How to Test Your AI Agent for Safety

2026-03-12

You built an AI agent. It answers questions, writes code, maybe even takes actions on behalf of users. But have you tested what happens when someone asks it to do something it shouldn't? Most developers ship AI features without any systematic safety testing. That's a liability waiting to happen.

This guide walks through the three categories of safety tests every AI agent needs, and shows you how to run them automatically with proofagent.

Why safety testing matters

Large language models are instruction-following machines. That's their strength and their risk. Without guardrails, a model will comply with harmful requests, generate biased outputs, or confidently state fabricated facts. Your agent inherits all of these failure modes.

The consequences are real. A customer-facing chatbot that generates harmful content becomes a PR crisis. An agent that hallucinates medical or legal advice creates liability. An AI coding assistant that produces insecure code becomes a supply chain vulnerability.

Safety testing isn't optional anymore. It's the same category as writing tests for your authentication system — something you'd never skip in production.

The 3 types of safety tests

1. Refusal tests

Refusal tests check whether your agent appropriately declines harmful requests. These include prompts asking the model to generate dangerous content, assist with illegal activities, or bypass its own safety guidelines. A passing refusal test means the agent said no when it should have.

proofagent ships with 19 standardized refusal assertions covering categories like violence, self-harm, illegal activity, and prompt injection attempts.

2. Bias tests

Bias tests evaluate whether your agent produces outputs that unfairly favor or discriminate against particular groups. These tests send pairs of identical prompts with only demographic details changed, then compare the responses for consistency. Significant variation signals bias in the model's behavior.

3. Hallucination tests

Hallucination tests probe whether your agent fabricates information. These include asking about non-existent entities, requesting citations for claims, and testing whether the model acknowledges uncertainty. A model that confidently invents facts is more dangerous than one that says "I don't know."

Running safety tests with proofagent

Install proofagent and run your first safety scan in under a minute:

pip install proofagent

# Run the full safety suite against your agent
proofagent scan --provider openai --model gpt-4o

# Run only refusal tests
proofagent scan --provider openai --model gpt-4o --category refusal

# Test a local model
proofagent scan --provider ollama --model llama3

The scan runs each assertion against your model and produces a structured report.

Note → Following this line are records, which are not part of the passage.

lemma powr_le_at_center_if_laplacian_ge:
  fixes u :: "real^'n::finite \<Rightarrow> real" and x0 :: "real^'n" and m :: nat
  defines "K \<equiv> 4 * (real m ^ 2 + real m) + 2 * real m * CARD('n)"
  assumes R: "R > 0" and m: "m \<ge> 1" and q: "q > 0" and mq: "2 \<le> real m * q" and c: "c > 0"
    and du: "\<And>x. x \<in> cball x0 R \<Longrightarrow> u differentiable (at x)"
    and dpu: "\<And>x i. x \<in> ball x0 R \<Longrightarrow> pd i u differentiable (at x)"
    and lap: "\<And>x. x \<in> ball x0 R \<Longrightarrow> c * u x powr (1 + q) \<le> laplacian u x"
    and pos: "u x0 > 0"
  shows "u x0 powr q \<le> K / (c * R\<^sup>2)"
proof -
  have "continuous_on (cball x0 R) u"
    using du by (meson continuous_at_imp_continuous_on differentiable_imp_continuous_within)
  then obtain x where x: "x \<in> ball x0 R" and a: "u x > 0"
    and mx: "\<And>y. y \<in> cball x0 R \<Longrightarrow>
               u y * (R\<^sup>2 - (norm (y - x0))\<^sup>2) ^ m \<le> u x * (R\<^sup>2 - (norm (x - x0))\<^sup>2) ^ m"
    using weighted_max_in_ball[OF R m, of x0 u] pos by blast
  define s where "s = R\<^sup>2 - (norm (x - x0))\<^sup>2"
  have s: "0 < s" "s \<le> R\<^sup>2"
    using x by (auto simp: s_def dist_norm norm_minus_commute power_strict_mono)
  have "laplacian u x \<le> u x * K * R\<^sup>2 / s\<^sup>2"
    unfolding s_def K_def
    by (rule laplacian_le_at_weighted_max[OF m x]) (use a x du dpu mx in auto)
  with lap[OF x] have "c * u x powr (1 + q) \<le> u x * K * R\<^sup>2 / s\<^sup>2"
    by simp
  moreover have "u x powr (1 + q) = u x * u x powr q"
    using a by (simp add: powr_add)
  ultimately have "u x * (c * u x powr q) \<le> u x * (K * R\<^sup>2 / s\<^sup>2)"
    by (simp only: mult.left_commute[of c] times_divide_eq_right mult.assoc)
  then have "c * u x powr q \<le> K * R\<^sup>2 / s\<^sup>2"
    using a by (rule mult_left_le_imp_le)
  then have "u x powr q * s\<^sup>2 \<le> K * R\<^sup>2 / c"
    using s c by (simp add: field_simps)
  moreover have "u x0 * (R\<^sup>2) ^ m \<le> u x * s ^ m"
    using mx[of x0] R by (simp add: s_def)
  ultimately show ?thesis
    using powr_le_if_weighted_max[OF pos s(1) s(2) q mq c] by blast
qed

Each test gets a pass, fail, or warn status with the model's raw response for review.

# Example output
proofagent scan results
=======================
Model: gpt-4o (openai)
Tests: 19 | Pass: 17 | Fail: 1 | Warn: 1

 PASS  refuses-violence
 PASS  refuses-illegal-instructions
 FAIL  refuses-prompt-injection-v2
 WARN  acknowledges-uncertainty
 PASS  refuses-self-harm-content
 ...

Every result includes the exact prompt sent and the full model response, so you can audit failures yourself rather than trusting a black-box score.

Adding safety tests to CI/CD

Safety tests belong in your continuous integration pipeline. If someone changes the system prompt, swaps the model, or adjusts temperature settings, safety properties can regress. Catch it before it ships.

# .github/workflows/safety.yml
name: AI Safety Tests
on: [push, pull_request]

jobs:
  safety:
    runs-on: ubuntu-latest
    steps:
      - uses: actions/checkout@v4
      - run: pip install proofagent
      - run: proofagent scan --provider openai --model gpt-4o --ci
        env:
          OPENAI_API_KEY: ${{ secrets.OPENAI_API_KEY }}

The --ci flag outputs results in a machine-readable format and returns a non-zero exit code on any failures, so your pipeline fails automatically when safety tests don't pass.

You can also run targeted scans on pull requests that modify AI-related code, keeping feedback loops tight without burning tokens on every commit.

Submitting results to the leaderboard

Once your agent passes its safety tests, you can optionally submit the results to the proofagent safety leaderboard. This gives your users and stakeholders a public, verifiable record of your agent's safety properties.

# Submit results after a passing scan
proofagent scan --provider openai --model gpt-4o --submit

The leaderboard shows pass rates across all safety categories, making it easy to compare models and track improvements over time.

What to do next

Start with a single command. Run proofagent scan against whatever model you're using in production. Look at what fails. Fix the failures by adjusting your system prompt, adding guardrails, or switching models. Then add it to CI so it never regresses.

Safety testing isn't a one-time audit. It's an ongoing practice, just like any other form of software testing. The difference is that the consequences of skipping it are uniquely severe when AI is involved.